I have also encountered this, but only very very sparsely. I usually deal with this by one of the following methods: 1) slightly increasing the lam factor in the anderson function; 2) catching this exception (i.e., using try and except) and switch to a stronger solver like Broyden's method; or 3) applying some sort of DEQ stabilization (e.g., Jacobian regularization or auxiliary losses).

This anderson error usually happens as a result of the growing instability of the DEQ models. You probably want to check first whether the model converges properly for most of the time (i.e., measure ||f(z)-z||/||f(z)||; if this is <0.05 at the end of the solver iterations, then it's good convergence). If stability is an issue, fix it; if not, then I suggest you go with approaches (1) and (2) first.
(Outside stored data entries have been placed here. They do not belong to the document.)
lemma sl_h_eq_orthogonal_complement:
  "sl_h = {A. \<forall>X \<in> insert (mat 1) ((\<lambda>i. matrix_unit i lastidx) ` (- {lastidx})). X \<bullet> A = 0}"
  by (auto simp: sl_h_iff sl_def inner_mat_1 inner_matrix_unit)

lemma dim_sl_h:
  "dim (sl_h :: ((real, 'n::{finite,linorder}) vec, 'n) vec set) = CARD('n) * CARD('n) - CARD('n)"
proof -
  let ?n = "lastidx :: 'n"
  let ?E = "(\<lambda>i. matrix_unit i ?n) ` (- {?n})"
  have "mat 1 \<notin> ?E"
  proof
    assume "mat 1 \<in> ?E"
    then obtain i where "i \<noteq> ?n" "mat 1 = matrix_unit i ?n" by blast
    from \<open>i \<noteq> ?n\<close> have "mat 1 $ i $ i \<noteq> (matrix_unit i ?n :: ((real, 'n) vec, 'n) vec) $ i $ i"
      by simp
    with \<open>mat 1 = matrix_unit i ?n\<close> show False by simp
  qed
  moreover have "inj_on (\<lambda>i. matrix_unit i ?n) (- {?n})"
    by (rule inj_onI) (metis matrix_unit_nth zero_neq_one)
  ultimately have card: "card (insert (mat 1) ?E) = CARD('n)"
    by (simp add: card_image Compl_eq_Diff_UNIV card_Diff_singleton finite_UNIV_card_ge_0 Suc_diff_1)
  have orth: "pairwise orthogonal (insert (mat 1) ?E)"
    by (auto simp: pairwise_def orthogonal_def inner_matrix_unit inner_mat_1 trace_matrix_unit)
  have nonzero: "0 \<notin> insert (mat 1) ?E"
    using mat_1_neq_0 matrix_unit_neq_0 by (metis imageE insertE)
  show ?thesis
    unfolding sl_h_eq_orthogonal_complement dim_orthogonal_complement[OF orth nonzero] card
    by simp
qed

lemma mbr_mult_common_eigenvector:
  assumes "A *v x = a *\<^sub>R x" "B *v x = b *\<^sub>R x"
  shows "mbr A B *v x = 0"
  by (simp add: mbr_def matrix_vector_mult_diff_rdistrib matrix_vector_mul_assoc[symmetric]
      assms matrix_vector_mult_scaleR)

lemma mbr_sl_h_mult_axis: "A \<in> sl_h \<Longrightarrow> B \<in> sl_h \<Longrightarrow> mbr A B *v axis lastidx 1 = 0"
  unfolding sl_h_def using mbr_mult_common_eigenvector by blast
(* Let $G=(V,E)$ be an undirected graph without isolated vertices, let $v\in V$, and let $G_v$ be the subgraph of $G$ induced by the set of neighbors of $v$ (not including $v$). Then $\nu_v$ equals the fractional clique number of $G_v$ (equivalently, the fractional chromatic number of $G_v$).
   Context: Vertex Cover set system of $G$: agents are the vertices, feasible sets are the vertex covers of $G$. For a cost vector $c$ and $y(X)=\sum_{u\in X}y_u$: let $S$ be a vertex cover minimizing $c(S)$ (ties broken lexicographically); $\nu(c)$ is the maximum of $x(S)$ over $x\in\mathbb R^V$ subject to $x_u\ge c_u$ for all $u$, $x_u=c_u$ for $u\notin S$, and $x(S)\le x(T)$ for every vertex cover $T$. $\nu_v=\nu(\mathbf 1_v)$, where $\mathbf 1_v$ has $1$ at $v$ and $0$ elsewhere. The fractional clique number of a graph $H$ is the maximum of $\sum_u x_u$ subject to $x_u\ge 0$ and $\sum_{u\in I}x_u\le1$ for every independent set $I$ of $H$. *)

theory Defs
  imports Complex_Main "HOL-Library.List_Lexorder"
begin

definition is_graph :: "'a set \<Rightarrow> ('a \<Rightarrow> 'a \<Rightarrow> bool) \<Rightarrow> bool" where
  "is_graph V E \<longleftrightarrow> finite V \<and> (\<forall>u w. E u w \<longrightarrow> u \<in> V \<and> w \<in> V)
     \<and> (\<forall>u w. E u w \<longrightarrow> E w u) \<and> (\<forall>u. \<not> E u u)"

definition no_isolated :: "'a set \<Rightarrow> ('a \<Rightarrow> 'a \<Rightarrow> bool) \<Rightarrow> bool" where
  "no_isolated V E \<longleftrightarrow> (\<forall>u\<in>V. \<exists>w. E u w)"

definition vertex_cover :: "'a set \<Rightarrow> ('a \<Rightarrow> 'a \<Rightarrow> bool) \<Rightarrow> 'a set \<Rightarrow> bool" where
  "vertex_cover V E T \<longleftrightarrow> T \<subseteq> V \<and> (\<forall>u w. E u w \<longrightarrow> u \<in> T \<or> w \<in> T)"

definition min_cost_covers :: "'a set \<Rightarrow> ('a \<Rightarrow> 'a \<Rightarrow> bool) \<Rightarrow> ('a \<Rightarrow> real) \<Rightarrow> 'a set set" where
  "min_cost_covers V E c = {S. vertex_cover V E S \<and>
     (\<forall>T. vertex_cover V E T \<longrightarrow> sum c S \<le> sum c T)}"

definition lex_le :: "'a::linorder set \<Rightarrow> 'a set \<Rightarrow> bool" where
  "lex_le A B \<longleftrightarrow> sorted_list_of_set A \<le> sorted_list_of_set B"

definition chosen_cover :: "'a::linorder set \<Rightarrow> ('a \<Rightarrow> 'a \<Rightarrow> bool) \<Rightarrow> ('a \<Rightarrow> real) \<Rightarrow> 'a set" where
  "chosen_cover V E c = (THE S. S \<in> min_cost_covers V E c \<and>
     (\<forall>T \<in> min_cost_covers V E c. lex_le S T))"

definition nu :: "'a::linorder set \<Rightarrow> ('a \<Rightarrow> 'a \<Rightarrow> bool) \<Rightarrow> ('a \<Rightarrow> real) \<Rightarrow> real" where
  "nu V E c = (let S = chosen_cover V E c in
     Greatest (\<lambda>r. \<exists>x :: 'a \<Rightarrow> real.
        (\<forall>u\<in>V. x u \<ge> c u) \<and> (\<forall>u\<in>V - S. x u = c u)
        \<and> (\<forall>T. vertex_cover V E T \<longrightarrow> sum x S \<le> sum x T)
        \<and> r = sum x S))"

definition unit_cost :: "'a \<Rightarrow> 'a \<Rightarrow> real" where
  "unit_cost v = (\<lambda>u. if u = v then 1 else 0)"

definition nu_v :: "'a::linorder set \<Rightarrow> ('a \<Rightarrow> 'a \<Rightarrow> bool) \<Rightarrow> 'a \<Rightarrow> real" where
  "nu_v V E v = nu V E (unit_cost v)"

definition independent :: "'a set \<Rightarrow> ('a \<Rightarrow> 'a \<Rightarrow> bool) \<Rightarrow> 'a set \<Rightarrow> bool" where
  "independent W F I \<longleftrightarrow> I \<subseteq> W \<and> (\<forall>u\<in>I. \<forall>w\<in>I. \<not> F u w)"

definition frac_clique_number :: "'a set \<Rightarrow> ('a \<Rightarrow> 'a \<Rightarrow> bool) \<Rightarrow> real" where
  "frac_clique_number W F = Greatest (\<lambda>r. \<exists>x :: 'a \<Rightarrow> real.
      (\<forall>u\<in>W. x u \<ge> 0) \<and> (\<forall>I. independent W F I \<longrightarrow> sum x I \<le> 1)
      \<and> r = sum x W)"

definition neighbors :: "('a \<Rightarrow> 'a \<Rightarrow> bool) \<Rightarrow> 'a \<Rightarrow> 'a set" where
  "neighbors E v = {u. E v u}"

definition induced :: "('a \<Rightarrow> 'a \<Rightarrow> bool) \<Rightarrow> 'a set \<Rightarrow> 'a \<Rightarrow> 'a \<Rightarrow> bool" where
  "induced E W = (\<lambda>u w. u \<in> W \<and> w \<in> W \<and> E u w)"

end

theory Submission
  imports Defs
begin

(* For the unit cost vector c = 1_v the covers of cost 0 are exactly the
   vertex covers avoiding v (V - {v} is one), so the chosen cover S avoids v and hence
   contains every neighbour of v.  A feasible vector x for nu pays c_v = 1 on v, and
   comparing x(S) = x(V) - 1 with the covers V - I (I independent in G_v) and
   V - {u, v} (u in S not adjacent to v) shows that x restricted to N(v) is a
   fractional clique of G_v and that x vanishes on S - N(v). *)

lemma lex_least_member:
  fixes V :: "'a::linorder set"
  assumes "finite V" and "M \<noteq> {}" and "M \<subseteq> Pow V"
  shows "(THE S. S \<in> M \<and> (\<forall>T\<in>M. lex_le S T)) \<in> M"
proof -
  have fin_M: "finite M"
    using assms(1,3) by (meson finite_Pow_iff finite_subset)
  have fin_members: "finite A" if "A \<in> M" for A
    using assms(1,3) that by (meson PowD finite_subset subsetD)
  let ?L = "sorted_list_of_set ` M"
  have "Min ?L \<in> ?L"
    using fin_M assms(2) by (intro Min_in) auto
  then obtain S0 where S0: "S0 \<in> M" "Min ?L = sorted_list_of_set S0" by auto
  have least: "S0 \<in> M \<and> (\<forall>T\<in>M. lex_le S0 T)"
    using S0 fin_M unfolding lex_le_def by (metis Min_le finite_imageI image_eqI)
  have unique: "S1 = S0" if "S1 \<in> M \<and> (\<forall>T\<in>M. lex_le S1 T)" for S1
  proof -
    have "sorted_list_of_set S1 = sorted_list_of_set S0"
      using that least unfolding lex_le_def by (meson order_antisym)
    then show ?thesis
      using fin_members that S0(1) by (metis sorted_list_of_set.set_sorted_key_list_of_set)
  qed
  have "(THE S. S \<in> M \<and> (\<forall>T\<in>M. lex_le S T)) = S0"
    using least unique by (rule the_equality)
  with S0(1) show ?thesis by simp
qed

lemma chosen_cover_min_cost:
  fixes V :: "'a::linorder set"
  assumes "finite V" and "min_cost_covers V E c \<noteq> {}"
  shows "chosen_cover V E c \<in> min_cost_covers V E c"
  unfolding chosen_cover_def
  using assms by (intro lex_least_member) (auto simp: min_cost_covers_def vertex_cover_def)

lemma complement_cover_iff:
  assumes "is_graph V E" and "A \<subseteq> V"
  shows "vertex_cover V E (V - A) \<longleftrightarrow> (\<forall>u\<in>A. \<forall>w\<in>A. \<not> E u w)"
  using assms unfolding is_graph_def vertex_cover_def by blast

lemma unit_cost_nonneg: "unit_cost v u \<ge> 0"
  unfolding unit_cost_def by simp

lemma sum_unit_cost:
  assumes "finite A"
  shows "sum (unit_cost v) A = (if v \<in> A then 1 else 0)"
  using assms unfolding unit_cost_def by (simp add: sum.delta)

text \<open>Covers avoiding v cost nothing (V - {v} is one), so the chosen cover avoids v.\<close>

lemma chosen_cover_unit_cost:
  fixes V :: "'a::linorder set"
  assumes graph: "is_graph V E" and "v \<in> V"
  defines "S \<equiv> chosen_cover V E (unit_cost v)"
  shows "vertex_cover V E S" and "v \<notin> S"
proof -
  have fin_V: "finite V" using graph unfolding is_graph_def by simp
  have cover_avoiding_v: "vertex_cover V E (V - {v})"
    using complement_cover_iff[OF graph] graph \<open>v \<in> V\<close> unfolding is_graph_def by auto
  have "sum (unit_cost v) (V - {v}) \<le> sum (unit_cost v) T" for T
    using fin_V by (simp add: sum_unit_cost sum_nonneg unit_cost_def)
  then have "V - {v} \<in> min_cost_covers V E (unit_cost v)"
    using cover_avoiding_v unfolding min_cost_covers_def by blast
  then have "S \<in> min_cost_covers V E (unit_cost v)"
    unfolding S_def using fin_V by (intro chosen_cover_min_cost) auto
  then have cover: "vertex_cover V E S"
    and cheapest: "sum (unit_cost v) S \<le> sum (unit_cost v) (V - {v})"
    using cover_avoiding_v unfolding min_cost_covers_def by auto
  show "vertex_cover V E S" by (rule cover)
  have "finite S" using cover fin_V unfolding vertex_cover_def by (metis finite_subset)
  then show "v \<notin> S"
    using cheapest fin_V by (auto simp: sum_unit_cost split: if_splits)
qed

definition nu_feasible ::
    "'a set \<Rightarrow> ('a \<Rightarrow> 'a \<Rightarrow> bool) \<Rightarrow> ('a \<Rightarrow> real) \<Rightarrow> 'a set \<Rightarrow> ('a \<Rightarrow> real) \<Rightarrow> bool" where
  "nu_feasible V E c S x \<longleftrightarrow> (\<forall>u\<in>V. x u \<ge> c u) \<and> (\<forall>u\<in>V - S. x u = c u)
     \<and> (\<forall>T. vertex_cover V E T \<longrightarrow> sum x S \<le> sum x T)"

definition frac_clique :: "'a set \<Rightarrow> ('a \<Rightarrow> 'a \<Rightarrow> bool) \<Rightarrow> ('a \<Rightarrow> real) \<Rightarrow> bool" where
  "frac_clique W F x \<longleftrightarrow> (\<forall>u\<in>W. x u \<ge> 0) \<and> (\<forall>I. independent W F I \<longrightarrow> sum x I \<le> 1)"

lemma nu_as_greatest:
  "nu V E c = Greatest (\<lambda>r. \<exists>x. nu_feasible V E c (chosen_cover V E c) x
                               \<and> r = sum x (chosen_cover V E c))"
  unfolding nu_def nu_feasible_def Let_def by simp

lemma frac_clique_number_as_greatest:
  "frac_clique_number W F = Greatest (\<lambda>r. \<exists>x. frac_clique W F x \<and> r = sum x W)"
  unfolding frac_clique_number_def frac_clique_def by simp

context
  fixes V :: "'a set" and E :: "'a \<Rightarrow> 'a \<Rightarrow> bool" and v :: 'a and S :: "'a set"
  assumes graph: "is_graph V E" and v_in: "v \<in> V"
    and S_cover: "vertex_cover V E S" and v_notin_S: "v \<notin> S"
begin

private lemma basic_facts:
  shows fin_V: "finite V" and S_sub: "S \<subseteq> V" and fin_S: "finite S"
    and N_sub: "neighbors E v \<subseteq> S" and N_sub_V: "neighbors E v \<subseteq> V"
    and v_notin_N: "v \<notin> neighbors E v"
  using graph S_cover v_notin_S
  unfolding is_graph_def vertex_cover_def neighbors_def
  by (auto intro: finite_subset)

text \<open>A feasible vector for nu restricts to a fractional clique of G_v with the same
  value: it vanishes on S - N(v).\<close>

lemma nu_feasible_to_frac_clique:
  assumes x: "nu_feasible V E (unit_cost v) S x"
  shows "frac_clique (neighbors E v) (induced E (neighbors E v)) x"
    and "sum x S = sum x (neighbors E v)"
proof -
  let ?N = "neighbors E v"
  have lower: "\<forall>u\<in>V. x u \<ge> unit_cost v u" and fixed: "\<forall>u\<in>V - S. x u = unit_cost v u"
    and stable: "\<And>T. vertex_cover V E T \<Longrightarrow> sum x S \<le> sum x T"
    using x unfolding nu_feasible_def by auto
  have x_v: "x v = 1" using fixed v_in v_notin_S unfolding unit_cost_def by simp
  have x_nonneg: "x u \<ge> 0" if "u \<in> V" for u
    using lower that unit_cost_nonneg by (meson order_trans)
  have "sum x (V - S) = sum (unit_cost v) (V - S)" using fixed by (intro sum.cong) auto
  also have "\<dots> = 1" using fin_V v_in v_notin_S by (simp add: sum_unit_cost)
  finally have x_S: "sum x S = sum x V - 1"
    using sum_diff[OF fin_V S_sub, of x] by simp
  have independent_bound: "sum x I \<le> 1" if "independent ?N (induced E ?N) I" for I
  proof -
    have I_sub: "I \<subseteq> V" using that N_sub_V unfolding independent_def by auto
    have "vertex_cover V E (V - I)"
      using that complement_cover_iff[OF graph I_sub]
      unfolding independent_def induced_def by blast
    then have "sum x S \<le> sum x V - sum x I"
      using stable sum_diff[OF fin_V I_sub, of x] by metis
    then show ?thesis using x_S by simp
  qed
  show "frac_clique ?N (induced E ?N) x"
    unfolding frac_clique_def using independent_bound x_nonneg N_sub_V by auto
  have vanish: "x u = 0" if u: "u \<in> S - ?N" for u
  proof -
    have uv_sub: "{u, v} \<subseteq> V" using u S_sub v_in by auto
    have "\<not> E u v" "\<not> E v u" "\<not> E u u" "\<not> E v v"
      using u graph unfolding neighbors_def is_graph_def by auto
    then have "vertex_cover V E (V - {u, v})"
      using complement_cover_iff[OF graph uv_sub] by auto
    then have "sum x S \<le> sum x V - sum x {u, v}"
      using stable sum_diff[OF fin_V uv_sub, of x] by metis
    moreover have "u \<noteq> v" using u v_notin_S by auto
    ultimately have "sum x S \<le> sum x V - (x u + x v)" by simp
    then show ?thesis using x_S x_v x_nonneg u S_sub by force
  qed
  have "sum x S = sum x ?N + sum x (S - ?N)"
    using sum.subset_diff[OF N_sub fin_S, of x] by (simp add: add.commute)
  also have "sum x (S - ?N) = 0" using vanish by simp
  finally show "sum x S = sum x ?N" by simp
qed

lemma frac_clique_to_nu_feasible:
  assumes y: "frac_clique (neighbors E v) (induced E (neighbors E v)) y"
  defines "x \<equiv> \<lambda>u. if u \<in> neighbors E v then y u else unit_cost v u"
  shows "nu_feasible V E (unit_cost v) S x" and "sum x S = sum y (neighbors E v)"
proof -
  let ?N = "neighbors E v"
  have y_nonneg: "\<forall>u\<in>?N. y u \<ge> 0"
    and y_bound: "\<And>I. independent ?N (induced E ?N) I \<Longrightarrow> sum y I \<le> 1"
    using y unfolding frac_clique_def by auto
  have x_nonneg: "x u \<ge> 0" for u
    using y_nonneg unit_cost_nonneg unfolding x_def by auto
  have x_v: "x v = 1" using v_notin_N unfolding x_def unit_cost_def by simp
  have "sum x (S - ?N) = 0"
    unfolding x_def unit_cost_def using v_notin_S by (intro sum.neutral) auto
  then have x_S: "sum x S = sum x ?N"
    using sum.subset_diff[OF N_sub fin_S, of x] by simp
  also have "\<dots> = sum y ?N" unfolding x_def by simp
  finally show "sum x S = sum y ?N" .
  have stable: "sum x S \<le> sum x T" if T: "vertex_cover V E T" for T
  proof -
    have fin_T: "finite T" using T fin_V unfolding vertex_cover_def by (metis finite_subset)
    show ?thesis
    proof (cases "v \<in> T")
      case False
      then have "?N \<subseteq> T" using T unfolding vertex_cover_def neighbors_def by blast
      then show ?thesis using x_S fin_T x_nonneg by (simp add: sum_mono2)
    next
      case True
      have "independent ?N (induced E ?N) (?N - T)"
        using T unfolding independent_def induced_def vertex_cover_def by blast
      then have uncovered: "sum x (?N - T) \<le> x v"
        using y_bound x_v unfolding x_def by simp
      have covered: "sum x (?N \<inter> T) \<le> sum x (T - {v})"
        using fin_T x_nonneg v_notin_N by (intro sum_mono2) auto
      have "sum x ?N = sum x (?N \<inter> T) + sum x (?N - T)"
        using fin_V N_sub_V by (metis finite_subset sum.Int_Diff)
      also have "\<dots> \<le> sum x (T - {v}) + x v" using covered uncovered by simp
      also have "\<dots> = sum x T" using sum.remove[OF fin_T True, of x] by simp
      finally show ?thesis using x_S by simp
    qed
  qed
  have "\<forall>u\<in>V. x u \<ge> unit_cost v u"
    using y_nonneg v_notin_N unfolding x_def unit_cost_def by auto
  moreover have "\<forall>u\<in>V - S. x u = unit_cost v u" using N_sub unfolding x_def by auto
  ultimately show "nu_feasible V E (unit_cost v) S x"
    unfolding nu_feasible_def using stable by blast
qed

lemma attainable_values_agree:
  "(\<lambda>r. \<exists>x. nu_feasible V E (unit_cost v) S x \<and> r = sum x S)
   = (\<lambda>r. \<exists>x. frac_clique (neighbors E v) (induced E (neighbors E v)) x
              \<and> r = sum x (neighbors E v))"
  using nu_feasible_to_frac_clique frac_clique_to_nu_feasible by (intro ext iffI) metis+

end

theorem mainTheorem5:
  fixes V :: "'a::linorder set" and E :: "'a \<Rightarrow> 'a \<Rightarrow> bool" and v :: 'a
  assumes "is_graph V E" and "no_isolated V E" and "v \<in> V"
  shows "nu_v V E v = frac_clique_number (neighbors E v) (induced E (neighbors E v))"
proof -
  let ?S = "chosen_cover V E (unit_cost v)"
  have "vertex_cover V E ?S" and "v \<notin> ?S"
    using chosen_cover_unit_cost[OF assms(1,3)] by auto
  then show ?thesis
    unfolding nu_v_def nu_as_greatest frac_clique_number_as_greatest
    using attainable_values_agree[OF assms(1,3)] by simp
qed

end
Let me know if this helps!

Thank you very much for your answer,

I'm learning the combination of SNN and DEQ, which may be unstable. I've changed to your Broyden's method now.

At first, I learned from your tutorial on Colab. The Anderson code above is directly aimed at 4 dimensions. I don't understand the code of Broyden's solver, and it's difficult to understand the transformation of Broyden's data shape.

Hi @Maybe2022 ,

You probably want to consider some of the stabilization techniques then. Besides the Jacobian regularization, another method is to apply auxiliary losses on the fixed-point solving process. E.g., typically we do L(z*, y) where z*=z^{30} is the result of the root-solving; but we can also additionally add 0.2 * L(z^{10}, y) as an extra loss term that encourages the model to converge earlier. This extra loss is memory inefficient due to IFT, so you can apply a JFB on it (see this paper).

As for Broyden's method, I'm really just following the Sherman-Morrison formula in Wikipedia, see here. Note that we should never form the J^{-1} matrix, but only keep a low-rank-update version of it (i.e., -I + u1v1^T + u2v2^T + ...).

Let me know if you want me to clarify further!

Thank you very much for your help. I'm trying these technologies you introduced.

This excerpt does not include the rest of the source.